Saved data entries:
---
lemma kernel_measurable_compose:
  assumes "kernel_measurable K" "kernel_measurable L"
  shows "kernel_measurable (\<lambda>t s. \<integral>\<theta>. K t \<theta> * L \<theta> s \<partial>M0)"
proof -
  have "(\<lambda>(z, \<theta>). K (fst z) \<theta> * L \<theta> (snd z)) \<in> borel_measurable ((M0 \<Otimes>\<^sub>M M0) \<Otimes>\<^sub>M M0)"
    unfolding split_beta'
    by (intro borel_measurable_times kernel_measurable_comp[OF assms(1)]
        kernel_measurable_comp[OF assms(2)]) measurable
  then show ?thesis
    unfolding kernel_measurable_def by (rule M0.borel_measurable_lebesgue_integral)
qed

lemma fredholm_L2_kernel_measurable: "fredholm_L2 K \<Longrightarrow> kernel_measurable K"
  by (simp add: fredholm_L2_def kernel_measurable_def)

lemma nn_integral_kernel_row_le:
  fixes h :: "real \<Rightarrow> ennreal"
  assumes L: "kernel_measurable L"
    and row: "\<And>t. t \<ge> 0 \<Longrightarrow> (\<integral>\<^sup>+s. ennreal \<bar>L t s\<bar> \<partial>M0) \<le> ennreal a"
    and [measurable]: "h \<in> borel_measurable M0"
  shows "(\<integral>\<^sup>+t. \<integral>\<^sup>+s. ennreal \<bar>L t s\<bar> * h t \<partial>M0 \<partial>M0) \<le> ennreal a * (\<integral>\<^sup>+t. h t \<partial>M0)"
proof -
  have "(\<integral>\<^sup>+t. \<integral>\<^sup>+s. ennreal \<bar>L t s\<bar> * h t \<partial>M0 \<partial>M0) = (\<integral>\<^sup>+t. (\<integral>\<^sup>+s. ennreal \<bar>L t s\<bar> \<partial>M0) * h t \<partial>M0)"
    by (intro nn_integral_cong nn_integral_multc)
      (auto intro!: measurable_compose[OF _ measurable_ennreal] borel_measurable_abs kernel_measurable_row[OF L])
  also have "\<dots> \<le> (\<integral>\<^sup>+t. ennreal a * h t \<partial>M0)"
    by (intro nn_integral_mono mult_right_mono row) auto
  also have "\<dots> = ennreal a * (\<integral>\<^sup>+t. h t \<partial>M0)"
    by (rule nn_integral_cmult) measurable
  finally show ?thesis .
qed

lemma nn_integral_kernel_col_le:
  fixes h :: "real \<Rightarrow> ennreal"
  assumes L: "kernel_measurable L"
    and col: "\<And>s. s \<ge> 0 \<Longrightarrow> (\<integral>\<^sup>+t. ennreal \<bar>L t s\<bar> \<partial>M0) \<le> ennreal b"
    and [measurable]: "h \<in> borel_measurable M0"
  shows "(\<integral>\<^sup>+t. \<integral>\<^sup>+s. ennreal \<bar>L t s\<bar> * h s \<partial>M0 \<partial>M0) \<le> ennreal b * (\<integral>\<^sup>+s. h s \<partial>M0)"
proof -
  have [measurable]: "(\<lambda>z. L (fst z) (snd z)) \<in> borel_measurable (M0 \<Otimes>\<^sub>M M0)"
    "(\<lambda>z. L (snd z) (fst z)) \<in> borel_measurable (M0 \<Otimes>\<^sub>M M0)"
    using L kernel_measurable_swap[OF L] by (simp_all add: kernel_measurable_def)
  have "(\<integral>\<^sup>+t. \<integral>\<^sup>+s. ennreal \<bar>L t s\<bar> * h s \<partial>M0 \<partial>M0) = (\<integral>\<^sup>+s. \<integral>\<^sup>+t. ennreal \<bar>L t s\<bar> * h s \<partial>M0 \<partial>M0)"
    by (rule M0M0.Fubini') measurable
  also have "\<dots> \<le> ennreal b * (\<integral>\<^sup>+s. h s \<partial>M0)"
    by (rule nn_integral_kernel_row_le[OF kernel_measurable_swap[OF L] col]) measurable
  finally show ?thesis .
qed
---
* _TASK DETAILS_: Could you copy every line from the records that has "also" in it?

* _EXERCISE OUTPUT_:
  also have "\<dots> \<le> (\<integral>\<^sup>+t. ennreal a * h t \<partial>M0)"
  also have "\<dots> = ennreal a * (\<integral>\<^sup>+t. h t \<partial>M0)"
  also have "\<dots> \<le> ennreal b * (\<integral>\<^sup>+s. h s \<partial>M0)"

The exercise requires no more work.